Hängt die Wirksamkeit des schuldrechtlichen Versorgungsvertrages von einer staatlichen Genehmigung (z.B. einer familien- oder nachlassgerichtlichen Genehmigung) ab, wirkt diese auf den Zeitpunkt des Vertragsabschlusses zurück, wenn die Parteien alles in ihrer Macht stehende getan haben, um einen wirksamen Vertrag abzuschließen. Handelt es sich dagegen um eine aufschiebende Bedingung, kommt es auf den Zeitpunkt des Bedingungseintritts an.[9]

 

Rz. 5

Rechtsfolge einer Vermögensübergabe gegen Versorgungsleistungen ist, dass die Übertragung des Vermögens in einkommensteuerrechtlicher Hinsicht als (voll) unentgeltliche Übertragung anzusehen ist. Die Versorgungsleistungen stellen weder Veräußerungsentgelt noch Anschaffungskosten dar.[10] Der Übernehmer tritt vielmehr an die Stelle des Übergebers und führt dessen Abschreibungsbemessungsgrundlage fort. In Höhe der wiederkehrenden Leistungen steht dem Übernehmer in vollem Umfang ein Sonderausgabenabzug nach § 10 Abs. 1a Nr. 2 EStG zu.

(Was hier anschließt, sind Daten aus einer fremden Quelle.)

(* Let $f_1,\dots,f_N$, $\Phi$, $c$, $\sigma$, $x_k$ and $d_k$ be as in Algorithm X described in the context. Then at every iteration $k$ the backtracking loop terminates after finitely many steps; that is, if $d_k\ne0$ there exists a nonnegative integer $j$ such that $\Phi(x_k+\sigma^jd_k)<\Phi(x_k)+c\sigma^j\Phi'(x_k;d_k)$ (and if $d_k=0$ the loop terminates immediately).
   Context: Standing assumptions: $f_1,\dots,f_N:\mathbb{R}^n\to\mathbb{R}$; (H1) there is $M\in\mathbb{R}$ with $f_j(x)\ge M$ for all $x$ and $j$; (H2) each $f_j\in C^1(\mathbb{R}^n)$ and there is a modulus of continuity $w$ (increasing $w:[0,\infty)\to[0,\infty)$, $w(0)=0$, continuous at $0$) with $\|\nabla f_j(x)-\nabla f_j(y)\|\le w(\|x-y\|)$ for all $x,y$ and $j$. Let $\Phi(x)=\max_{1\le j\le N}f_j(x)$, and $g'(x;d)=\lim_{t\to0^+}\frac{g(x+td)-g(x)}{t}$ denotes the directional derivative. Algorithm X: set $x_0=0$, $c=\sigma=\tfrac12$. At iteration $k$: let $G\in\mathbb{R}^{N\times n}$ have $j$-th row $\nabla f_j(x_k)^T$, $f=(f_1(x_k),\dots,f_N(x_k))^T$; let $\lambda$ be a solution of $\min_\lambda(\tfrac12\lambda^TGG^T\lambda-f^T\lambda)$ subject to $\sum_i\lambda_i=1$, $\lambda_i\ge0$; set $p_k=-G^T\lambda$, and $d_k=0$ if $p_k=0$, otherwise $d_k=p_k/\|p_k\|$. Backtracking loop: for $j=0,1,2,\dots$, with $\alpha=\sigma^j$: stop if $d_k=0$, or if $\Phi(x_k+\alpha d_k)<\Phi(x_k)+c\alpha\Phi'(x_k;d_k)$; otherwise increase $j$. With the final $\alpha$ set $\alpha_k=\alpha$, $x_{k+1}=x_k+\alpha_kd_k$, and repeat. *)

theory Defs
  imports "HOL-Analysis.Analysis"
begin

text \<open>Functions f_0, ..., f_(N-1) are indexed by nat, only indices below N matter.
  Gradients are given by a function gf with gf j x the gradient of f j at x.\<close>

definition Phi :: "(nat \<Rightarrow> 'a \<Rightarrow> real) \<Rightarrow> nat \<Rightarrow> 'a \<Rightarrow> real" where
  "Phi f N x = Max ((\<lambda>j. f j x) ` {..<N})"

definition dir_deriv :: "('a::real_normed_vector \<Rightarrow> real) \<Rightarrow> 'a \<Rightarrow> 'a \<Rightarrow> real" where
  "dir_deriv g x d = Lim (at_right 0) (\<lambda>t. (g (x + t *\<^sub>R d) - g x) / t)"

definition qp_obj :: "(nat \<Rightarrow> 'a \<Rightarrow> real) \<Rightarrow> (nat \<Rightarrow> 'a \<Rightarrow> 'a::real_inner) \<Rightarrow> nat
    \<Rightarrow> 'a \<Rightarrow> (nat \<Rightarrow> real) \<Rightarrow> real" where
  "qp_obj f gf N x lam =
     (1/2) * (\<Sum>i<N. \<Sum>j<N. lam i * (gf i x \<bullet> gf j x) * lam j) - (\<Sum>i<N. f i x * lam i)"

definition std_simplex :: "nat \<Rightarrow> (nat \<Rightarrow> real) set" where
  "std_simplex N = {lam. (\<forall>i<N. 0 \<le> lam i) \<and> (\<Sum>i<N. lam i) = 1}"

definition is_qp_sol :: "(nat \<Rightarrow> 'a \<Rightarrow> real) \<Rightarrow> (nat \<Rightarrow> 'a \<Rightarrow> 'a::real_inner) \<Rightarrow> nat
    \<Rightarrow> 'a \<Rightarrow> (nat \<Rightarrow> real) \<Rightarrow> bool" where
  "is_qp_sol f gf N x lam \<longleftrightarrow>
     lam \<in> std_simplex N \<and> (\<forall>mu \<in> std_simplex N. qp_obj f gf N x lam \<le> qp_obj f gf N x mu)"

definition pdir :: "(nat \<Rightarrow> 'a \<Rightarrow> 'a::real_normed_vector) \<Rightarrow> nat \<Rightarrow> 'a \<Rightarrow> (nat \<Rightarrow> real) \<Rightarrow> 'a" where
  "pdir gf N x lam = - (\<Sum>i<N. lam i *\<^sub>R gf i x)"

definition ddir :: "(nat \<Rightarrow> 'a \<Rightarrow> 'a::real_normed_vector) \<Rightarrow> nat \<Rightarrow> 'a \<Rightarrow> (nat \<Rightarrow> real) \<Rightarrow> 'a" where
  "ddir gf N x lam = (let p = pdir gf N x lam in if p = 0 then 0 else (1 / norm p) *\<^sub>R p)"

text \<open>Armijo condition with c = sigma = 1/2 and alpha = sigma^j.\<close>
definition armijo :: "(nat \<Rightarrow> 'a \<Rightarrow> real) \<Rightarrow> nat \<Rightarrow> 'a::real_normed_vector \<Rightarrow> 'a \<Rightarrow> nat \<Rightarrow> bool" where
  "armijo f N x d j \<longleftrightarrow>
     Phi f N (x + ((1/2::real) ^ j) *\<^sub>R d)
       < Phi f N x + (1/2) * ((1/2::real) ^ j) * dir_deriv (Phi f N) x d"

definition bt_stop :: "(nat \<Rightarrow> 'a \<Rightarrow> real) \<Rightarrow> nat \<Rightarrow> 'a::real_normed_vector \<Rightarrow> 'a \<Rightarrow> nat \<Rightarrow> bool" where
  "bt_stop f N x d j \<longleftrightarrow> d = 0 \<or> armijo f N x d j"

end

theory Submission
  imports Defs
begin

text \<open>Since the multipliers minimise the QP objective over the simplex, moving them towards the
  vertex of an active index j (one with f j x = Phi x) cannot decrease the objective; this first-order
  condition reads gf j x \<bullet> p \<le> -|p|^2 for p = pdir.  The one-sided directional derivative
  of a finite maximum is the maximum of the directional derivatives of the active functions, so
  the derivative of Phi at x in direction p / |p| is at most -|p| < 0.  A negative right derivative
  of t \<mapsto> Phi (x + t d) forces the Armijo inequality with c = 1/2 for all small t > 0, in
  particular for t = (1/2)^j with j large.\<close>

lemma Phi_attained:
  assumes "N \<ge> 1"
  shows "\<exists>j<N. f j x = Phi f N x"
proof -
  have "Phi f N x \<in> (\<lambda>j. f j x) ` {..<N}"
    unfolding Phi_def using assms by (intro Max_in) (auto simp: lessThan_empty_iff)
  then show ?thesis
    by auto
qed

lemma convex_comb_le_Phi:
  assumes "lam \<in> std_simplex N"
  shows "(\<Sum>i<N. f i x * lam i) \<le> Phi f N x"
proof -
  have "(\<Sum>i<N. f i x * lam i) \<le> (\<Sum>i<N. Phi f N x * lam i)"
    using assms by (intro sum_mono mult_right_mono) (auto simp: std_simplex_def Phi_def)
  also have "\<dots> = Phi f N x"
    using assms by (simp add: std_simplex_def flip: sum_distrib_left)
  finally show ?thesis .
qed

lemma std_simplex_segment:
  assumes "lam \<in> std_simplex N" "mu \<in> std_simplex N" "0 \<le> t" "t \<le> 1"
  shows "(\<lambda>i. lam i + t * (mu i - lam i)) \<in> std_simplex N"
proof -
  have "0 \<le> (1 - t) * lam i + t * mu i" if "i < N" for i
    using assms that by (auto simp: std_simplex_def)
  moreover have "(\<Sum>i<N. lam i + t * (mu i - lam i)) = 1"
    using assms by (simp add: std_simplex_def sum.distrib sum_subtractf flip: sum_distrib_left)
  ultimately show ?thesis
    by (simp add: std_simplex_def algebra_simps)
qed

lemma std_simplex_vertex: "j < N \<Longrightarrow> (\<lambda>i. if i = j then 1 else 0) \<in> std_simplex N"
  by (simp add: std_simplex_def)

lemma pdir_segment:
  "pdir gf N x (\<lambda>i. lam i + t * (mu i - lam i))
     = pdir gf N x lam + t *\<^sub>R (pdir gf N x mu - pdir gf N x lam)"
  by (simp add: pdir_def algebra_simps sum.distrib scaleR_sum_right sum_subtractf)

lemma qp_obj_pdir:
  "qp_obj f gf N x mu = (pdir gf N x mu \<bullet> pdir gf N x mu) / 2 - (\<Sum>i<N. f i x * mu i)"
proof -
  have "pdir gf N x mu \<bullet> pdir gf N x mu = (\<Sum>i<N. \<Sum>j<N. mu i * (gf i x \<bullet> gf j x) * mu j)"
    by (simp add: pdir_def inner_sum_left inner_sum_right sum_distrib_left sum_negf mult_ac inner_commute)
  then show ?thesis
    by (simp add: qp_obj_def)
qed

lemma affine_nonneg_on_unit_imp_nonneg:
  fixes a b :: real
  assumes "\<And>t. 0 < t \<Longrightarrow> t \<le> 1 \<Longrightarrow> 0 \<le> a + t * b"
  shows "0 \<le> a"
proof (rule tendsto_lowerbound)
  show "((\<lambda>t. a + t * b) \<longlongrightarrow> a) (at_right 0)"
    by (auto intro!: tendsto_eq_intros)
  show "\<forall>\<^sub>F t in at_right 0. 0 \<le> a + t * b"
    using assms by (auto simp: eventually_at_right_field intro!: exI[of _ 1])
qed simp

lemma qp_sol_variational_ineq:
  assumes qp: "is_qp_sol f gf N x lam" and mu: "mu \<in> std_simplex N"
  shows "(\<Sum>i<N. f i x * mu i) - (\<Sum>i<N. f i x * lam i)
           \<le> pdir gf N x lam \<bullet> (pdir gf N x mu - pdir gf N x lam)"
proof -
  define p where "p = pdir gf N x lam"
  define v where "v = pdir gf N x mu - p"
  define a where "a = p \<bullet> v - ((\<Sum>i<N. f i x * mu i) - (\<Sum>i<N. f i x * lam i))"
  have "0 \<le> a + t * ((v \<bullet> v) / 2)" if t: "0 < t" "t \<le> 1" for t
  proof -
    define nu where "nu i = lam i + t * (mu i - lam i)" for i
    have "nu \<in> std_simplex N"
      using qp mu t unfolding nu_def is_qp_sol_def by (intro std_simplex_segment) auto
    then have "qp_obj f gf N x lam \<le> qp_obj f gf N x nu"
      using qp by (simp add: is_qp_sol_def)
    moreover have "qp_obj f gf N x nu - qp_obj f gf N x lam = t * (a + t * ((v \<bullet> v) / 2))"
      unfolding qp_obj_pdir nu_def pdir_segment p_def[symmetric] v_def[symmetric] a_def
      by (simp add: algebra_simps sum.distrib sum_subtractf inner_commute flip: sum_distrib_left)
    ultimately have "0 \<le> t * (a + t * ((v \<bullet> v) / 2))"
      by linarith
    then show ?thesis
      using t by (simp add: zero_le_mult_iff)
  qed
  then have "0 \<le> a"
    by (rule affine_nonneg_on_unit_imp_nonneg)
  then show ?thesis
    by (simp add: a_def p_def v_def)
qed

Der Übergeber muss die empfangenen Leistungen gemäß § 22 Nr. 1a EStG als Einkommen versteuern.

 

Rz. 6

 

Hinweis

Die nach altem Recht aus Sicht des Übernehmers notwendige Differenzierung in voll abziehbare dauernde Lasten und die nur mit dem Ertragsanteil abzugsfähigen Leibrenten entfällt. Es kommt daher in steuerrechtlicher Hinsicht nicht mehr darauf an, ob der Versorgungsvertrag eine Abänderbarkeit der Leistungen (z.B. nach § 323 ZPO) vorsieht. § 22 Nr. 1a EStG bzw. § 22 Nr. 1b EStG a.F. greift grds. unabhängig vom Zeitpunkt des Abschlusses des Versorgungsvertrages für die Zahlungen ab dem Veranlagungszeitraum 2008 ein. Jedoch lässt sich dem Einkommensteuerrecht kein generelles Korrespondenzprinzip bei der Besteuerung wiederkehrender Bezüge entnehmen. Die Besteuerung beim Leistungsempfänger und beim Leistenden erfolgt unabhängig voneinander, so dass der jeweils andere Vertragspartner keine Rechte aus einer fehlerhaften steuerrechtlichen Behandlung bei der anderen Partei ableiten kann.[11]

 

Rz. 7

In erbschaft- und schenkungsteuerrechtlicher Hinsicht liegt ein zumindest teilweise entgeltlicher Vorgang vor. Eine Schenkungsteuerpflicht scheidet grds. aus, wenn der Wert der Versorgungsleistungen dem Wert des übertragenen Vermögens entspricht. Regelmäßig wird aber der Wert des zugewendeten Vermögens den Wert der Versorgungsleistungen übersteigen, so dass hinsichtlich des überschießenden Betrags eine unentgeltliche Schenkung in Betracht kommt. In diesen Fällen ist folglich eine Aufteilung des übertragenen Vermögens nach den Grundsätzen einer gemischten Schenkung vorzunehmen.

 

Rz. 8

Für eine Vermögensübertragung gegen Versorgungsleistungen müssen nach neuem Recht die nachfolgenden Voraussetzungen erfüllt sein:

1. Es muss eine Vermögensübertragung i.S.v. § 10 Abs. 1a Nr. 2 EStG vorliegen. Dies setzt voraus, dass es sich nicht um eine (voll) entgeltliche Veräußerung handelt und eine existenzsichernden Wirtschaftseinheit i.S.v. § 10 Abs. 1a Nr. 2 EStG übertragen wird.
2. Des Weiteren muss es sich um eine Versorgungsleistung i.S.v. § ...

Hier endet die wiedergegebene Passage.